Data supplied:
lemma deal_Suc:
  "deal (Suc i) e =
     (if e \<in> E - covered (Suc i) \<and> \<not> (\<exists>v\<in>e. stuck i v) then \<alpha> * deal i e else deal i e)"
proof -
  have "deal (Suc i) e = (if e \<in> E - covered (Suc i)
      then (if \<exists>v\<in>e. stuck i v then deal i e else \<alpha> * deal i e) else deal i e)"
    unfolding deal_def[of "Suc i"] state_at_Suc stuck_def cover_Suc covered_Suc
    by (simp add: mwhvc_step_def Let_def joining_def)
  then show ?thesis by simp
qed

lemma delta_Suc:
  "delta (Suc i) e = (if e \<in> E - covered (Suc i) then delta i e + deal (Suc i) e else delta i e)"
  unfolding delta_def[of "Suc i"] deal_def[of "Suc i"] covered_def[of "Suc i"] state_at_Suc
  by (simp add: mwhvc_step_def Let_def)

lemma cover_0: "cover 0 = {}"
  and covered_0: "covered 0 = {}"
  and deal_0: "deal 0 e =
    (if e \<in> E then \<beta> * Min ((\<lambda>v. w v / real (card (inc_edges E v))) ` e) else 0)"
  and delta_0: "delta 0 = deal 0"
  by (simp_all add: cover_def covered_def deal_def delta_def mwhvc_state_at_def
      mwhvc_init_def Let_def)

lemma finite_E: "finite E"
proof -
  have "E \<subseteq> Pow V" using edges by auto
  then show ?thesis using finite_V finite_subset by blast
qed

lemma finite_edge: "e \<in> E \<Longrightarrow> finite e"
  using edges finite_V finite_subset by blast

lemma covered_subset: "covered i \<subseteq> E"
  by (induction i) (auto simp: covered_0 covered_Suc)

lemma covered_Suc_mono: "covered i \<subseteq> covered (Suc i)"
  by (auto simp: covered_Suc)

lemma covered_if_meets_cover: "e \<in> E \<Longrightarrow> e \<inter> cover i \<noteq> {} \<Longrightarrow> e \<in> covered i"
  by (induction i) (auto simp: cover_0 cover_Suc covered_Suc)

lemma deal_nonneg: "0 \<le> deal i e"
proof (induction i)
  case 0
  show ?case
  proof (cases "e \<in> E")
    case True
    have "finite e" "e \<noteq> {}" using True finite_edge edges by auto
    moreover have "\<forall>v\<in>e. 0 \<le> w v / real (card (inc_edges E v))"
      using True edges weight_nonneg by (intro ballI divide_nonneg_nonneg) auto
    ultimately show ?thesis using True \<beta>_pos by (simp add: deal_0)
  qed (simp add: deal_0)
next
  case (Suc i)
  then show ?case using \<alpha>_gt_1 by (simp add: deal_Suc)
qed

lemma deal_Suc_mono: "deal i e \<le> deal (Suc i) e"
  using deal_nonneg[of i e] \<alpha>_gt_1 mult_right_mono[of 1 \<alpha> "deal i e"] by (auto simp: deal_Suc)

The problem:
Copy every entry above word for word.

Task response:
lemma deal_Suc:
  "deal (Suc i) e =
     (if e \<in> E - covered (Suc i) \<and> \<not> (\<exists>v\<in>e. stuck i v) then \<alpha> * deal i e else deal i e)"
proof -
  have "deal (Suc i) e = (if e \<in> E - covered (Suc i)
      then (if \<exists>v\<in>e. stuck i v then deal i e else \<alpha> * deal i e) else deal i e)"
    unfolding deal_def[of "Suc i"] state_at_Suc stuck_def cover_Suc covered_Suc
    by (simp add: mwhvc_step_def Let_def joining_def)
  then show ?thesis by simp
qed

lemma delta_Suc:
  "delta (Suc i) e = (if e \<in> E - covered (Suc i) then delta i e + deal (Suc i) e else delta i e)"
  unfolding delta_def[of "Suc i"] deal_def[of "Suc i"] covered_def[of "Suc i"] state_at_Suc
  by (simp add: mwhvc_step_def Let_def)

lemma cover_0: "cover 0 = {}"
  and covered_0: "covered 0 = {}"
  and deal_0: "deal 0 e =
    (if e \<in> E then \<beta> * Min ((\<lambda>v. w v / real (card (inc_edges E v))) ` e) else 0)"
  and delta_0: "delta 0 = deal 0"
  by (simp_all add: cover_def covered_def deal_def delta_def mwhvc_state_at_def
      mwhvc_init_def Let_def)

lemma finite_E: "finite E"
proof -
  have "E \<subseteq> Pow V" using edges by auto
  then show ?thesis using finite_V finite_subset by blast
qed

lemma finite_edge: "e \<in> E \<Longrightarrow> finite e"
  using edges finite_V finite_subset by blast

lemma covered_subset: "covered i \<subseteq> E"
  by (induction i) (auto simp: covered_0 covered_Suc)

lemma covered_Suc_mono: "covered i \<subseteq> covered (Suc i)"
  by (auto simp: covered_Suc)

lemma covered_if_meets_cover: "e \<in> E \<Longrightarrow> e \<inter> cover i \<noteq> {} \<Longrightarrow> e \<in> covered i"
  by (induction i) (auto simp: cover_0 cover_Suc covered_Suc)

lemma deal_nonneg: "0 \<le> deal i e"
proof (induction i)
  case 0
  show ?case
  proof (cases "e \<in> E")
    case True
    have "finite e" "e \<noteq> {}" using True finite_edge edges by auto
    moreover have "\<forall>v\<in>e. 0 \<le> w v / real (card (inc_edges E v))"
      using True edges weight_nonneg by (intro ballI divide_nonneg_nonneg) auto
    ultimately show ?thesis using True \<beta>_pos by (simp add: deal_0)
  qed (simp add: deal_0)
next
  case (Suc i)
  then show ?case using \<alpha>_gt_1 by (simp add: deal_Suc)
qed

lemma deal_Suc_mono: "deal i e \<le> deal (Suc i) e"
  using deal_nonneg[of i e] \<alpha>_gt_1 mult_right_mono[of 1 \<alpha> "deal i e"] by (auto simp: deal_Suc)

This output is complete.